Plenty to talk about at club
Annandale Speakers Club met in Lockerbie Bowling Club on November 1 when there was a good attendance of members present.
President John Kerr demonstrated his versatility by also acting as Mr Speaker for the evening.
Ronnie Callander got the meeting off to a good start with “Light the blue touch paper.”
He tackled the explosive subject of Brexit which has been stirred up by both the press and politicians and is so complicated for both Britain and Europe.
Ronnie went on to discuss the Gunpowder Plot and how Guy Fawkes had been caught.
“It’s all going up in smoke” was David Bell’s subject.
He told the story of Joachim Ronnebergh, a Norwegian who came to Britain during the war with 10 others from the Norwegian Resistance, to have military training prior to being parachuted into Norway to attack the Telemark Norsk Hydro Heavy Water Plant.
This daring raid successfully destroyed the plant and foiled Hitler’s plans to have a nuclear bomb.
They then made their escape to Sweden.
Joachim died last week aged 99. Members found the speech most interesting.
Next to the rostrum was Frank Farrell who posed the question “What has happened to Hallowe’en?”
In a very amusing speech Frank related his experiences as a youngster dressing up in an old jacket worn back to front and covered with a sheet.
They went guising with their turnip lanterns calling at many houses and delivering their party pieces of poetry and song before receiving their rewards of monkey nuts, tablet and toffee apples. How things have changed: the turnip has been replaced by the pumpkin; costumes are readily and cheaply available at the supermarket and the youngsters just have to tell a joke before being rewarded.
In Frank’s opinion the magic of Hallowe’en has been lost.
Topics were in the capable hands of Brian Shaw who posed the questions to John Reid, Sandy Grant, Alan Collins, George Gilhooly and Bruce Edinsor.
Subjects ranged from hair styles, the budget, village halls and crowd funding in Moffat.

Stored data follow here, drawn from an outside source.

lemma chi_flip:
  assumes "j \<in> T" "finite T"
  shows "chi T (flip j x) = - chi T x"
proof -
  have "(\<Prod>i\<in>T-{j}. flip j x i) = (\<Prod>i\<in>T-{j}. x i)"
    by (rule prod.cong) (auto simp: flip_def)
  then show ?thesis
    using assms by (simp add: chi_def prod.remove flip_def)
qed

lemma sum_chi_eq_0:
  assumes "T \<subseteq> {..<n}" "T \<noteq> {}"
  shows "(\<Sum>x\<in>cube n. chi T x) = 0"
proof -
  obtain j where j: "j \<in> T"
    using assms by auto
  have "(\<Sum>x\<in>cube n. chi T x) = (\<Sum>x\<in>cube n. chi T (flip j x))"
    using j assms by (intro sum.reindex_bij_betw[symmetric] bij_betw_flip) auto
  also have "\<dots> = - (\<Sum>x\<in>cube n. chi T x)"
    using j assms finite_subset[of T "{..<n}"] by (simp add: chi_flip sum_negf)
  finally show ?thesis
    by simp
qed

lemma coord_mult_chi:
  assumes "x \<in> cube n" "finite S"
  shows "x i * chi S x = chi (if i \<in> S then S - {i} else insert i S) x"
proof (cases "i \<in> S")
  case True
  then have "chi S x = x i * chi (S - {i}) x"
    using assms by (simp add: chi_def prod.remove)
  then show ?thesis
    using True cube_coord_mult_self[OF assms(1), of i] by (simp add: mult.assoc[symmetric])
next
  case False
  then show ?thesis
    using assms by (simp add: chi_def)
qed

lemma sum_chi_mult_chi:
  assumes x: "x \<in> cube n" and y: "y \<in> cube n"
  shows "(\<Sum>S\<in>Pow {..<n}. chi S x * chi S y) = (if x = y then 2 ^ n else 0)"
proof -
  have "(\<Sum>S\<in>Pow {..<n}. chi S x * chi S y) = (\<Sum>S\<in>Pow {..<n}. (\<Prod>i\<in>S. x i * y i) * (\<Prod>i\<in>{..<n}-S. 1))"
    by (simp add: chi_def prod.distrib)
  also have "\<dots> = (\<Prod>i<n. x i * y i + 1)"
    by (rule prod_add[symmetric]) simp
  also have "\<dots> = (if x = y then 2 ^ n else 0)"
  proof (cases "x = y")
    case True
    then show ?thesis
      using cube_coord_mult_self[OF x] by simp
  next
    case False
    then obtain i where i: "x i \<noteq> y i"
      by auto
    then have "i < n"
      using x y by (cases "i < n") (auto simp: cube_def)
    moreover have "x i * y i + 1 = 0"
      using i cube_coord[OF x, of i] cube_coord[OF y, of i] by auto
    ultimately show ?thesis
      using False by (auto intro: prod_zero)
  qed
  finally show ?thesis .
qed

lemma fourier_expansion:
  assumes y: "y \<in> cube n"
  shows "f y = (\<Sum>S\<in>Pow {..<n}. fhat n f S * chi S y)"
proof -
  have "(\<Sum>S\<in>Pow {..<n}. fhat n f S * chi S y)
      = (\<Sum>S\<in>Pow {..<n}. \<Sum>x\<in>cube n. f x * (chi S x * chi S y) / 2 ^ n)"
    by (simp add: fhat_def sum_divide_distrib sum_distrib_right mult.assoc)
  also have "\<dots> = (\<Sum>x\<in>cube n. f x * (\<Sum>S\<in>Pow {..<n}. chi S x * chi S y) / 2 ^ n)"
    by (subst sum.swap) (simp add: sum_divide_distrib sum_distrib_left)
  also have "\<dots> = (\<Sum>x\<in>cube n. if x = y then f y else 0)"
    by (rule sum.cong) (auto simp: sum_chi_mult_chi y)
  also have "\<dots> = f y"
    using y finite_cube by simp
  finally show ?thesis
    by simp
qed

lemma finite_fdeg_support: "finite {card S | S. S \<subseteq> {..<n} \<and> fhat n f S \<noteq> 0}"
  by (rule finite_subset[of _ "card ` Pow {..<n}"]) auto

lemma fdeg_le_iff: "fdeg n f \<le> k \<longleftrightarrow> (\<forall>S. S \<subseteq> {..<n} \<and> fhat n f S \<noteq> 0 \<longrightarrow> card S \<le> k)"
  unfolding fdeg_def by (subst Max_le_iff) (use finite_fdeg_support in auto)

lemma fdeg_le_dim: "fdeg n f \<le> n"
  unfolding fdeg_le_iff by (auto dest: card_mono[rotated, of _ "{..<n}"])

lemma fdeg_cong: "(\<And>x. x \<in> cube n \<Longrightarrow> f x = g x) \<Longrightarrow> fdeg n f = fdeg n g"
  unfolding fdeg_def fhat_def by (simp cong: sum.cong)
text \<open>The hypotheses on \<open>M'\<close>, \<open>s'\<close>, the agents and the relevant atoms are only needed for
  \<open>U'\<^sub>r\<close> to be an update model; the isomorphism does not use them.\<close>

theorem corollary1:
  fixes M :: "('a::finite, 'p, 's) emodel" and M' :: "('a, 'p, 's') emodel"
    and s :: 's and s' :: 's' and \<delta> :: "('a, 'p) fm"
  assumes "finite_epi_model M" and "finite_epi_model M'"
    and "finite {p. relevant M M' p}"
    and "s \<in> dom M" and "s' \<in> dom M'"
    and "\<forall>a. (s, s) \<in> rel M a"
    and "bisim_contraction M"
    and "wf_fm \<delta>"
    and "\<forall>\<psi>. wf_fm \<psi> \<longrightarrow>
           (models M s \<psi> \<longleftrightarrow>
            (\<forall>(N :: ('a, 'p, 's) emodel) v. epi_model N \<and> v \<in> dom N \<and> models N v \<delta> \<longrightarrow> models N v \<psi>))"
  shows "isomorphic (product M (Ur M M' \<delta>)) M'"
proof -
  have "characteristic_formula \<delta> M s"
    using assms(9) unfolding characteristic_formula_def .
  then have "{t \<in> dom M. models M t \<delta>} = {s}"
    by (rule bisim_contraction_characteristic_formula_unique[OF _ assms(8,1,7,4)])
  then show ?thesis
    by (rule product_Ur_isomorphic[OF _ assms(6)])
qed

end
text \<open>Fix any HC-tree Ts of G and write L(e) for the number of leaves below the LCA of the edge e
  in Ts. Let S be the leaf set of a node of the balanced tree. Walking down Ts to a lowest node
  holding more than 2|S|/3 points of S and grouping the shares of S among its children yields a
  1/3-balanced partition of S whose crossing edges all satisfy 2|S| < 3 L(e). By minimality, the
  cut at the node weighs at most the total weight of such far edges inside S.
  By induction, the cost the balanced tree pays for edges inside S is at most the budget
  sum of w(e) min(3|S|, 9 L(e)) over those edges: the children have at most 2|S|/3 leaves, so
  for a far edge (where 9 L(e) > 6|S|) their budgets leave room for the |S| w(e) paid at the node.
  At the root the budget is at most 9 C_G(Ts).\<close>

lemma subtrees_self: "T \<in> subtrees T"
  by (cases T) auto

lemma leafset_subtree: "s \<in> subtrees T \<Longrightarrow> leafset s \<subseteq> leafset T"
  by (induction T rule: subtrees.induct) auto

lemma subtrees_trans: "s \<in> subtrees T \<Longrightarrow> r \<in> subtrees s \<Longrightarrow> r \<in> subtrees T"
  by (induction T rule: subtrees.induct) auto

lemma distinct_leaves_subtree: "s \<in> subtrees T \<Longrightarrow> distinct (leaves T) \<Longrightarrow> distinct (leaves s)"
  by (induction T rule: subtrees.induct) (auto simp: distinct_concat_iff)

lemma child_eq_if_common_leaf:
  assumes "distinct (leaves (Node ts))" "c \<in> set ts" "c' \<in> set ts" "x \<in> leafset c" "x \<in> leafset c'"
  shows "c = c'"
  using assms by (induction ts) auto

definition is_lca :: "'a hctree \<Rightarrow> 'a set \<Rightarrow> 'a hctree \<Rightarrow> bool" where
  "is_lca T X s \<longleftrightarrow> s \<in> subtrees T \<and> X \<subseteq> leafset s \<and> (\<forall>c\<in>set (children s). \<not> X \<subseteq> leafset c)"

definition lca :: "'a hctree \<Rightarrow> 'a set \<Rightarrow> 'a hctree" where
  "lca T X = (THE s. is_lca T X s)"

lemma lca_child:
  assumes dist: "distinct (leaves (Node ts))" and c: "c \<in> set ts" "X \<subseteq> leafset c" and "X \<noteq> {}"
  shows "lca (Node ts) X = lca c X"
proof -
  obtain x where x: "x \<in> X" using \<open>X \<noteq> {}\<close> by auto
  have "is_lca (Node ts) X s \<longleftrightarrow> is_lca c X s" for s
  proof
    assume s: "is_lca (Node ts) X s"
    then have "s \<noteq> Node ts" using c by (auto simp: is_lca_def)
    then obtain c' where c': "c' \<in> set ts" "s \<in> subtrees c'" using s by (auto simp: is_lca_def)
    have "x \<in> leafset c'" using leafset_subtree[OF c'(2)] s x by (auto simp: is_lca_def)
    then have "c' = c" using child_eq_if_common_leaf[OF dist c'(1) c(1)] x c(2) by auto
    then show "is_lca c X s" using s c' by (auto simp: is_lca_def)
  qed (use c in \<open>auto simp: is_lca_def\<close>)
  then show ?thesis by (simp add: lca_def)
qed

lemma lca_root:
  assumes "X \<subseteq> leafset (Node ts)" "\<forall>c\<in>set ts. \<not> X \<subseteq> leafset c"
  shows "lca (Node ts) X = Node ts"
  unfolding lca_def
proof (rule the_equality)
  fix s assume s: "is_lca (Node ts) X s"
  show "s = Node ts"
  proof (rule ccontr)
    assume "s \<noteq> Node ts"
    then obtain c where "c \<in> set ts" "s \<in> subtrees c" using s by (auto simp: is_lca_def)
    then show False using leafset_subtree s assms(2) by (fastforce simp: is_lca_def)
  qed
qed (use assms in \<open>auto simp: is_lca_def\<close>)

lemma lca_Leaf: "X \<subseteq> {x} \<Longrightarrow> lca (Leaf x) X = Leaf x"
  unfolding lca_def by (rule the_equality) (auto simp: is_lca_def)
text \<open>Bidders are 0..<n, item types are 0..<m, signals are natural numbers
  (any finite signal set can be relabelled into nat).\<close>

definition psi :: "(nat \<Rightarrow> real) \<Rightarrow> (nat \<Rightarrow> nat \<Rightarrow> real) \<Rightarrow> nat \<Rightarrow> nat \<Rightarrow> real" where
  "psi p v i j = p j * v i j"

definition is_scheme :: "nat \<Rightarrow> nat set \<Rightarrow> (nat \<Rightarrow> nat \<Rightarrow> real) \<Rightarrow> bool" where
  "is_scheme m Sig phi \<longleftrightarrow> finite Sig
     \<and> (\<forall>j<m. \<forall>s\<in>Sig. 0 \<le> phi j s \<and> phi j s \<le> 1)
     \<and> (\<forall>j<m. (\<Sum>s\<in>Sig. phi j s) = 1)"

definition supp :: "nat \<Rightarrow> (nat \<Rightarrow> nat \<Rightarrow> real) \<Rightarrow> nat \<Rightarrow> nat set" where
  "supp m phi s = {j. j < m \<and> phi j s > 0}"

definition sigval :: "nat \<Rightarrow> (nat \<Rightarrow> nat \<Rightarrow> real) \<Rightarrow> (nat \<Rightarrow> nat \<Rightarrow> real) \<Rightarrow> nat \<Rightarrow> nat \<Rightarrow> real" where
  "sigval m ps phi s i = (\<Sum>j<m. ps i j * phi j s)"

definition max2 :: "nat \<Rightarrow> (nat \<Rightarrow> real) \<Rightarrow> real" where
  "max2 n f = rev (sort (map f [0..<n])) ! 1"

definition revenue :: "nat \<Rightarrow> nat \<Rightarrow> (nat \<Rightarrow> nat \<Rightarrow> real) \<Rightarrow> nat set \<Rightarrow> (nat \<Rightarrow> nat \<Rightarrow> real) \<Rightarrow> real" where
  "revenue n m ps Sig phi = (\<Sum>s\<in>Sig. max2 n (sigval m ps phi s))"

definition w1 :: "nat \<Rightarrow> (nat \<Rightarrow> real) \<Rightarrow> nat" where
  "w1 n f = (LEAST i. i < n \<and> (\<forall>k<n. f k \<le> f i))"

definition w2 :: "nat \<Rightarrow> (nat \<Rightarrow> real) \<Rightarrow> nat" where
  "w2 n f = (LEAST i. i < n \<and> i \<noteq> w1 n f \<and> (\<forall>k<n. k \<noteq> w1 n f \<longrightarrow> f k \<le> f i))"

end

theory Submission
  imports Defs "HOL-Combinatorics.List_Permutation" "HOL-Analysis.Analysis"
begin

text \<open>Since \<open>max2\<close> is the largest value of \<open>min (f a) (f b)\<close> over pairs of distinct bidders,
  every scheme is dominated by a canonical one with one signal per ordered pair \<open>(a, b)\<close>, valued
  by \<open>min\<close> of the two bids, plus one pure signal per item type, valued by the second-highest
  single-item bid. The canonical schemes form a compact set on which this bound on revenue is
  continuous, so it has a maximizer; among the maximizers choose one of largest total mass on
  pure signals. If some signal of this scheme had a strict winner \<open>a\<close> over the runner-up \<open>b\<close>, some
  item \<open>j\<close> in it is valued more by \<open>a\<close> than by \<open>b\<close>; diverting a little of \<open>j\<close> to its pure signal and
  the rest of the signal to the pair signal \<open>(a, b)\<close> does not lower the bound on revenue but
  strictly increases the pure mass.\<close>

lemma sort_values_perm:
  obtains \<sigma> where "bij_betw \<sigma> {..<n} {..<n}" "\<forall>i<n. sort (map f [0..<n]) ! i = f (\<sigma> i)"
proof -
  have "sort (map f [0..<n]) <~~> map f [0..<n]" by simp
  from permutation_Ex_bij[OF this] obtain \<sigma> where \<sigma>:
    "bij_betw \<sigma> {..<n} {..<n}" "\<forall>i<n. sort (map f [0..<n]) ! i = map f [0..<n] ! (\<sigma> i)"
    by auto
  moreover have "\<forall>i<n. \<sigma> i < n" using \<sigma>(1) bij_betwE by blast
  ultimately show ?thesis using that by auto
qed

lemma max2_eq_sort_nth: "n \<ge> 2 \<Longrightarrow> max2 n f = sort (map f [0..<n]) ! (n - 2)"
  by (simp add: max2_def rev_nth numeral_2_eq_2)
lemma outsider_gets_more:
  assumes i: "i < n" "i \<notin> S"
  shows "c i g \<tau> \<le> c' i g \<tau>"
proof -
  have "(\<lambda>s. c' i g s - c i g s) 0 \<le> (\<lambda>s. c' i g s - c i g s) \<tau>"
  proof (rule right_linear_mono[OF tau(1)])
    show "continuous_on {0..\<tau>} (\<lambda>s. c' i g s - c i g s)"
      using tau by (intro continuous_intros truthful.continuous_on_subinterval deviant.continuous_on_subinterval) auto
    fix t assume t: "0 \<le> t" "t < \<tau>"
    have "t < 1" using t tau by simp
    define \<rho> where "\<rho> = (if eats m \<pi> (remaining n q c t) i g then r i else 0)"
    define \<rho>' where "\<rho>' = (if eats m \<sigma> (remaining n q c' t) i g then r i else 0)"
    obtain \<epsilon> where "0 < \<epsilon>" and lin: "\<forall>s. t \<le> s \<longrightarrow> s \<le> t + \<epsilon> \<longrightarrow> c i g s = c i g t + \<rho> * (s - t)"
      using truthful.consumption_right_linear[OF t(1) \<open>t < 1\<close> i(1) good] unfolding \<rho>_def by blast
    obtain \<epsilon>' where "0 < \<epsilon>'" and lin': "\<forall>s. t \<le> s \<longrightarrow> s \<le> t + \<epsilon>' \<longrightarrow> c' i g s = c' i g t + \<rho>' * (s - t)"
      using deviant.consumption_right_linear[OF t(1) \<open>t < 1\<close> i(1) good] unfolding \<rho>'_def by blast
    have "0 < remaining n q c' t g"
      using deviant.remaining_antimono[OF t(1) _ tau(2) good] t available by force
    hence "\<rho> \<le> \<rho>'"
      using outsider_keeps_eating[OF i t order.refl] \<open>t < 1\<close> truthful.rate_pos[OF i(1)]
      unfolding \<rho>_def \<rho>'_def by auto
    moreover have "c' i g s - c i g s = (c' i g t - c i g t) + (\<rho>' - \<rho>) * (s - t)"
      if "t \<le> s" "s \<le> t + min \<epsilon> \<epsilon>'" for s
    proof -
      have "s \<le> t + \<epsilon>" "s \<le> t + \<epsilon>'" using that by simp_all
      hence "c i g s = c i g t + \<rho> * (s - t)" "c' i g s = c' i g t + \<rho>' * (s - t)"
        using lin lin' that(1) by blast+
      thus ?thesis by (simp add: algebra_simps)
    qed
    ultimately show "\<exists>\<rho>\<ge>0. \<exists>\<epsilon>>0. \<forall>s. t \<le> s \<longrightarrow> s \<le> t + \<epsilon> \<longrightarrow>
        c' i g s - c i g s = (c' i g t - c i g t) + \<rho> * (s - t)"
      using \<open>0 < \<epsilon>\<close> \<open>0 < \<epsilon>'\<close> by (metis diff_ge_0_iff_ge min_less_iff_conj)
  qed
  thus ?thesis by (simp add: truthful.start deviant.start)
qed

All were well answered.
In the second half Bobby Smith’s subject was “Look after the pennies.”
Members were treated to the tale of farming before and during the Second World War when even some hill ground was used to produce food and the sheep’s wool was in demand to produce uniforms for the troops.
Bobby explained that when sheep are being out-wintered it is important to give them some food in the troughs or else they will lose condition and cast their wool.
He explained that the loose wool can be harmful to oyster catchers and other birds.
He illustrated his speech with photographs.
Bobby was critical of the fat cats of industry today who are paid far too much while the rest of us have to look after the pennies.
“A fool and his money” was tackled by Phil Kenyon.
He told the fascinating story of a fraud carried out in 1820 by Gregor McGregor who invented a new country called “Poyais” extending to some 1800 acres.
McGregor produced maps and brochures about the country and invited people to invest.
This was so successful that in 1822 two ships set sail for Poyais only to discover they had been duped and McGregor had absconded to France with £200,000.
Phil then outlined some of the cyber scams and frauds that we all encounter today and warned members to be on their guard. This was an excellent speech.
The last speech of the evening, from Alistair Stevenson, was entitled “All that glitters is not gold”.
Alistair agreed with the statement and felt that the youngsters of today should listen to their elders: standards are slipping and there is a lack of morality in the modern world.
He went on to describe the properties of gold including fool’s gold.
He quoted from Shakespeare’s Merchant of Venice where the suitors of Portia had to choose one of the three caskets – gold, silver or lead to win her hand in marriage. This was a very good speech to conclude the meeting.
Critic Michael Dickie had little to criticise and much to praise. Timekeeper Kenneth Morland proposed a vote of thanks.